I have touched on the prevailing European natural philosophy (the precursor to modern science) of the 17th century and the Roman Catholic Church’s involvement in censoring any ideas believed to be heretical i.e. counter to the Church’s interpretation of scripture. The Greek philosopher Aristotle (384 – 322 BC) had proposed in the 4th century BC that the Earth was the center of the universe and all the celestial objects rotated around the Earth on fixed spheres. The Sun’s sphere rotated in 24 hours, the Moon’s in 28 days, and the stars in one year. The planets each had their own spheres of differing time period. The other idea from Aristotle was that the heavens and all celestial objects were perfect and unblemished. Claudius Ptolemy (c. AD 100 – c. 170) of Alexandria (a Greek city in what is now Egypt) wrote a treatise of his celestial observations that was published as the Almagest around 150 AD. This was the most influential manual on astronomy that held reign for about 1500 years. In this multi-book tome Ptolemy documented 1022 stars in 48 constellations (Britannica.com).
Keying off Aristotle’s idea of the heavens being perfect, many natural philosophers believed that all of the stars had been documented by Ptolemy and no new stars existed. The Milky Way was an enigma for the prevailing cosmology up to the discovery of the telescope. It appears to the naked eye as a diffuse irregular band of light high in the heavens. The name comes from the Greek word "'galactos' which literally means 'the milky thing in the sky'"1 For Aristotle, the Milky Way was the point in the universe where the celestial spheres came into contact with the terrestrial spheres.2 Galileo shattered the belief of there being no new stars when he discovered the moons around Jupiter and again when he pointed his spyglass to the Milky Way.
Galileo wrote in the March 1610 pamphlet Sidereus Nuncius (The Starry Messenger) the following, “…I have observed the nature and the material of the Milky Way. With the aid of the telescope this has been scrutinized so directly and with such ocular certainty that all the disputes which have vexed philosophers through so many ages have been resolved,…The galaxy is, in fact, nothing but a congeries of innumerable stars grouped together in clusters.” (Discoveries, p.49). And just like that, Galileo shattered the prevailing belief that the number of stars was fixed and unchangeable. Not only are the numbers of stars not fixed but they are a disordered jumble and innumerable. Galileo continued, “Upon whatever part of it the telescope is directed, vast crowds of stars is immediately presented to view.”
The band of stars were so numerous that Galileo didn’t bother making any detailed drawings of the stars.
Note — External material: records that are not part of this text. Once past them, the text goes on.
lemma group_bang_P:
  assumes "group P"
  shows "group (bang_P P)"
proof -
  interpret group P by fact
  show ?thesis
  proof (rule groupI)
    fix \<beta> assume "\<beta> \<in> carrier (bang_P P)"
    then show "\<exists>\<gamma>\<in>carrier (bang_P P). \<gamma> \<otimes>\<^bsub>bang_P P\<^esub> \<beta> = \<one>\<^bsub>bang_P P\<^esub>"
      by (intro bexI[of _ "\<lambda>i. inv\<^bsub>P\<^esub> (\<beta> i)"]) auto
  qed (auto simp: m_assoc)
qed

lemma group_bang_N:
  assumes "group N"
  shows "group (bang_N N)"
proof -
  interpret group N by fact
  show ?thesis
  proof (rule groupI)
    fix g assume "g \<in> carrier (bang_N N)"
    then obtain \<pi> \<alpha> where g: "g = (\<pi>, \<alpha>)" and \<pi>: "bij \<pi>" and \<alpha>: "\<forall>i. \<alpha> i \<in> carrier N"
      by auto
    define h where "h = (inv_into UNIV \<pi>, \<lambda>j. inv\<^bsub>N\<^esub> (\<alpha> (inv_into UNIV \<pi> j)))"
    have "inv_into UNIV \<pi> (\<pi> i) = i" for i
      using \<pi> by (simp add: bij_is_inj)
    then have "h \<otimes>\<^bsub>bang_N N\<^esub> g = \<one>\<^bsub>bang_N N\<^esub>"
      using \<alpha> by (simp add: h_def g fun_eq_iff)
    moreover have "h \<in> carrier (bang_N N)"
      using \<pi> \<alpha> by (simp add: h_def bij_imp_bij_inv)
    ultimately show "\<exists>h\<in>carrier (bang_N N). h \<otimes>\<^bsub>bang_N N\<^esub> g = \<one>\<^bsub>bang_N N\<^esub>"
      by blast
  qed (auto simp: bij_comp m_assoc o_assoc)
qed

lemma bang_actN_eq: "bang_actN actN (\<pi>, \<alpha>) = bang_map \<pi> (\<lambda>i. actN (\<alpha> i))"
  by (simp add: bang_actN_def bang_map_def)

lemma bang_actP_eq: "bang_actP actP \<beta> = bang_map id (\<lambda>i. actP (\<beta> i))"
  by (simp add: bang_actP_def bang_map_def)

lemma negative_action_bang:
  assumes "event_structure A" and "negative_es A" and act: "negative_action N A actN"
  shows "negative_action (bang_N N) (bang_es A) (bang_actN actN)"
proof -
  have one: "\<forall>a\<in>ev A. actN \<one>\<^bsub>N\<^esub> a = a"
    and mult: "\<forall>g\<in>carrier N. \<forall>h\<in>carrier N. \<forall>a\<in>ev A. actN (g \<otimes>\<^bsub>N\<^esub> h) a = actN g (actN h a)"
    and neg: "\<forall>g\<in>carrier N. negative_aut A (actN g)"
    using act unfolding negative_action_def left_action_def by blast+
  have neg_bang: "negative_aut (bang_es A) (bang_actN actN g)" if g: "g \<in> carrier (bang_N N)" for g
  proof -
    obtain \<pi> \<alpha> where "g = (\<pi>, \<alpha>)" "bij \<pi>" "\<forall>i. \<alpha> i \<in> carrier N"
      using g by auto
    with neg negative_aut_bang_map[OF assms(1,2)] show ?thesis
      by (simp add: bang_actN_eq)
  qed
  moreover have "left_action (bang_N N) (bang_es A) (bang_actN actN)"
    unfolding left_action_def
  proof (intro conjI ballI)
    show "automorphism (bang_es A) (bang_actN actN g)" if "g \<in> carrier (bang_N N)" for g
      using neg_bang[OF that] unfolding negative_aut_def by blast
    show "bang_actN actN \<one>\<^bsub>bang_N N\<^esub> e = e" if "e \<in> ev (bang_es A)" for e
      using that one by (auto simp: bang_actN_def)
    show "bang_actN actN (g \<otimes>\<^bsub>bang_N N\<^esub> h) e = bang_actN actN g (bang_actN actN h e)"
      if "g \<in> carrier (bang_N N)" "h \<in> carrier (bang_N N)" "e \<in> ev (bang_es A)" for g h e
      using that mult by (auto simp: bang_actN_def)
  qed
  ultimately show ?thesis
    unfolding negative_action_def by blast
qed

lemma positive_action_bang:
  assumes act: "positive_action P A actP"
  shows "positive_action (bang_P P) (bang_es A) (bang_actP actP)"
proof -
  have one: "\<forall>a\<in>ev A. actP \<one>\<^bsub>P\<^esub> a = a"
    and mult: "\<forall>g\<in>carrier P. \<forall>h\<in>carrier P. \<forall>a\<in>ev A. actP (g \<otimes>\<^bsub>P\<^esub> h) a = actP g (actP h a)"
    and pos: "\<forall>g\<in>carrier P. positive_aut A (actP g)"
    using act unfolding positive_action_def left_action_def by blast+
  have pos_bang: "positive_aut (bang_es A) (bang_actP actP \<beta>)" if "\<beta> \<in> carrier (bang_P P)" for \<beta>
    unfolding bang_actP_eq by (rule positive_aut_bang_map) (use that pos in simp)
  moreover have "left_action (bang_P P) (bang_es A) (bang_actP actP)"
    unfolding left_action_def
  proof (intro conjI ballI)
    show "automorphism (bang_es A) (bang_actP actP \<beta>)" if "\<beta> \<in> carrier (bang_P P)" for \<beta>
      using pos_bang[OF that] unfolding positive_aut_def by blast
    show "bang_actP actP \<one>\<^bsub>bang_P P\<^esub> e = e" if "e \<in> ev (bang_es A)" for e
      using that one by (auto simp: bang_actP_def)
    show "bang_actP actP (\<beta> \<otimes>\<^bsub>bang_P P\<^esub> \<gamma>) e = bang_actP actP \<beta> (bang_actP actP \<gamma> e)"
      if "\<beta> \<in> carrier (bang_P P)" "\<gamma> \<in> carrier (bang_P P)" "e \<in> ev (bang_es A)" for \<beta> \<gamma> e
      using that mult by (auto simp: bang_actP_def)
  qed
  ultimately show ?thesis
    unfolding positive_action_def by blast
qed

lemma bang_lam_apply [simp]:
  "bang_lam lam ((\<pi>, \<alpha>), \<beta>) =
     ((\<lambda>i. fst (lam (\<alpha> (inv_into UNIV \<pi> i), \<beta> (inv_into UNIV \<pi> i)))),
      (\<pi>, (\<lambda>i. snd (lam (\<alpha> i, \<beta> i)))))"
  by (simp add: bang_lam_def)

context
  fixes N :: "('n, 'b) monoid_scheme" and P :: "('p, 'c) monoid_scheme"
    and lam :: "'n \<times> 'p \<Rightarrow> 'p \<times> 'n"
  assumes distr: "distr_law N P lam"
begin

lemma distr_law_closed:
  assumes "\<alpha> \<in> carrier N" and "\<beta> \<in> carrier P"
  shows "fst (lam (\<alpha>, \<beta>)) \<in> carrier P" and "snd (lam (\<alpha>, \<beta>)) \<in> carrier N"
  using distr assms unfolding distr_law_def by blast+

lemma distr_law_one_P: "\<alpha> \<in> carrier N \<Longrightarrow> lam (\<alpha>, \<one>\<^bsub>P\<^esub>) = (\<one>\<^bsub>P\<^esub>, \<alpha>)"
  using distr unfolding distr_law_def by blast

lemma distr_law_one_N: "\<beta> \<in> carrier P \<Longrightarrow> lam (\<one>\<^bsub>N\<^esub>, \<beta>) = (\<beta>, \<one>\<^bsub>N\<^esub>)"
  using distr unfolding distr_law_def by blast

lemma distr_law_mult_N:
  assumes "\<alpha> \<in> carrier N" and "\<alpha>' \<in> carrier N" and "\<beta> \<in> carrier P"
  shows "lam (\<alpha> \<otimes>\<^bsub>N\<^esub> \<alpha>', \<beta>) =
    (fst (lam (\<alpha>, fst (lam (\<alpha>', \<beta>)))), snd (lam (\<alpha>, fst (lam (\<alpha>', \<beta>)))) \<otimes>\<^bsub>N\<^esub> snd (lam (\<alpha>', \<beta>)))"
  using distr assms unfolding distr_law_def by (simp add: Let_def split_beta)

lemma distr_law_mult_P:
  assumes "\<alpha> \<in> carrier N" and "\<beta> \<in> carrier P" and "\<beta>' \<in> carrier P"
  shows "lam (\<alpha>, \<beta> \<otimes>\<^bsub>P\<^esub> \<beta>') =
    (fst (lam (\<alpha>, \<beta>)) \<otimes>\<^bsub>P\<^esub> fst (lam (snd (lam (\<alpha>, \<beta>)), \<beta>')), snd (lam (snd (lam (\<alpha>, \<beta>)), \<beta>')))"
  using distr assms unfolding distr_law_def by (simp add: Let_def split_beta)

lemma distr_law_bang: "distr_law (bang_N N) (bang_P P) (bang_lam lam)"
  unfolding distr_law_def
proof (intro conjI ballI)
  fix g \<beta> assume g: "g \<in> carrier (bang_N N)" and \<beta>: "\<beta> \<in> carrier (bang_P P)"
  then show "fst (bang_lam lam (g, \<beta>)) \<in> carrier (bang_P P)"
    and "snd (bang_lam lam (g, \<beta>)) \<in> carrier (bang_N N)"
    by (auto simp: distr_law_closed)
next
  fix g assume "g \<in> carrier (bang_N N)"
  then show "bang_lam lam (g, \<one>\<^bsub>bang_P P\<^esub>) = (\<one>\<^bsub>bang_P P\<^esub>, g)"
    by (auto simp: distr_law_one_P)
next
  fix \<beta> assume "\<beta> \<in> carrier (bang_P P)"
  moreover have "inv_into UNIV id i = i" for i :: nat
    by (simp add: inv_into_def)
  ultimately show "bang_lam lam (\<one>\<^bsub>bang_N N\<^esub>, \<beta>) = (\<beta>, \<one>\<^bsub>bang_N N\<^esub>)"
    by (simp add: distr_law_one_N)
next
  fix g g' \<beta>
  assume g: "g \<in> carrier (bang_N N)" and g': "g' \<in> carrier (bang_N N)" and \<beta>: "\<beta> \<in> carrier (bang_P P)"
  obtain \<pi> \<alpha> where g_eq: "g = (\<pi>, \<alpha>)" and \<pi>: "bij \<pi>" and \<alpha>: "\<forall>i. \<alpha> i \<in> carrier N"
    using g by auto
  obtain \<pi>' \<alpha>' where g'_eq: "g' = (\<pi>', \<alpha>')" and \<pi>': "bij \<pi>'" and \<alpha>': "\<forall>i. \<alpha>' i \<in> carrier N"
    using g' by auto
  have "inv_into UNIV \<pi>' (\<pi>' i) = i" and "\<pi>' (inv_into UNIV \<pi>' i) = i" for i
    using \<pi>' by (simp_all add: bij_is_inj bij_is_surj surj_f_inv_f)
  then show "bang_lam lam (g \<otimes>\<^bsub>bang_N N\<^esub> g', \<beta>) =
      (let (\<beta>1, \<alpha>1) = bang_lam lam (g', \<beta>); (\<beta>2, \<alpha>2) = bang_lam lam (g, \<beta>1)
       in (\<beta>2, \<alpha>2 \<otimes>\<^bsub>bang_N N\<^esub> \<alpha>1))"
    using \<alpha> \<alpha>' \<beta>
    by (simp add: g_eq g'_eq Let_def o_inv_distrib[OF \<pi> \<pi>'] distr_law_mult_N distr_law_closed)
next
  fix g \<beta> \<beta>'
  assume g: "g \<in> carrier (bang_N N)" and "\<beta> \<in> carrier (bang_P P)" and "\<beta>' \<in> carrier (bang_P P)"
  moreover obtain \<pi> \<alpha> where "g = (\<pi>, \<alpha>)" and "\<forall>i. \<alpha> i \<in> carrier N"
    using g by auto
  ultimately show "bang_lam lam (g, \<beta> \<otimes>\<^bsub>bang_P P\<^esub> \<beta>') =
      (let (\<beta>1, \<alpha>1) = bang_lam lam (g, \<beta>); (\<beta>2, \<alpha>2) = bang_lam lam (\<alpha>1, \<beta>')
       in (\<beta>1 \<otimes>\<^bsub>bang_P P\<^esub> \<beta>2, \<alpha>2))"
    by (simp add: Let_def distr_law_mult_P)
qed

end

lemma bang_actions_interchange:
  assumes interchange: "\<forall>\<alpha>\<in>carrier N. \<forall>\<beta>\<in>carrier P. \<forall>a\<in>ev A.
    actN \<alpha> (actP \<beta> a) = actP (fst (lam (\<alpha>, \<beta>))) (actN (snd (lam (\<alpha>, \<beta>))) a)"
  shows "\<forall>g\<in>carrier (bang_N N). \<forall>\<beta>\<in>carrier (bang_P P). \<forall>e\<in>ev (bang_es A).
    bang_actN actN g (bang_actP actP \<beta> e) =
      bang_actP actP (fst (bang_lam lam (g, \<beta>))) (bang_actN actN (snd (bang_lam lam (g, \<beta>))) e)"
proof (intro ballI)
  fix g \<beta> e
  assume g: "g \<in> carrier (bang_N N)" and \<beta>: "\<beta> \<in> carrier (bang_P P)" and e: "e \<in> ev (bang_es A)"
  obtain \<pi> \<alpha> where g_eq: "g = (\<pi>, \<alpha>)" and \<pi>: "bij \<pi>" and \<alpha>: "\<forall>i. \<alpha> i \<in> carrier N"
    using g by auto
  obtain i a where e_eq: "e = (i, a)" and a: "a \<in> ev A"
    using e by auto
  have "inv_into UNIV \<pi> (\<pi> i) = i"
    using \<pi> by (simp add: bij_is_inj)
  moreover have "actN (\<alpha> i) (actP (\<beta> i) a) =
      actP (fst (lam (\<alpha> i, \<beta> i))) (actN (snd (lam (\<alpha> i, \<beta> i))) a)"
    using interchange \<alpha> \<beta> a by simp
  ultimately show "bang_actN actN g (bang_actP actP \<beta> e) =
      bang_actP actP (fst (bang_lam lam (g, \<beta>))) (bang_actN actN (snd (bang_lam lam (g, \<beta>))) e)"
    by (simp add: g_eq e_eq bang_actN_def bang_actP_def)
qed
And one cannot blame him considering the low magnification and narrow field of view of his rudimentary telescope (about 21x magnification and 0.9 degrees). Galileo expressed how daunting the task was to capture stars with such a narrow field of view when observing the constellation Orion. Galileo wrote, “…I had intended to depict the entire constellation of Orion, but I was overwhelmed by the vast quantity of stars and by limitations of time, so I have deferred this to another occasion. There are more than five hundred new stars distributed among the old ones within limits of one or two degrees of arc” (Discoveries, p. 47).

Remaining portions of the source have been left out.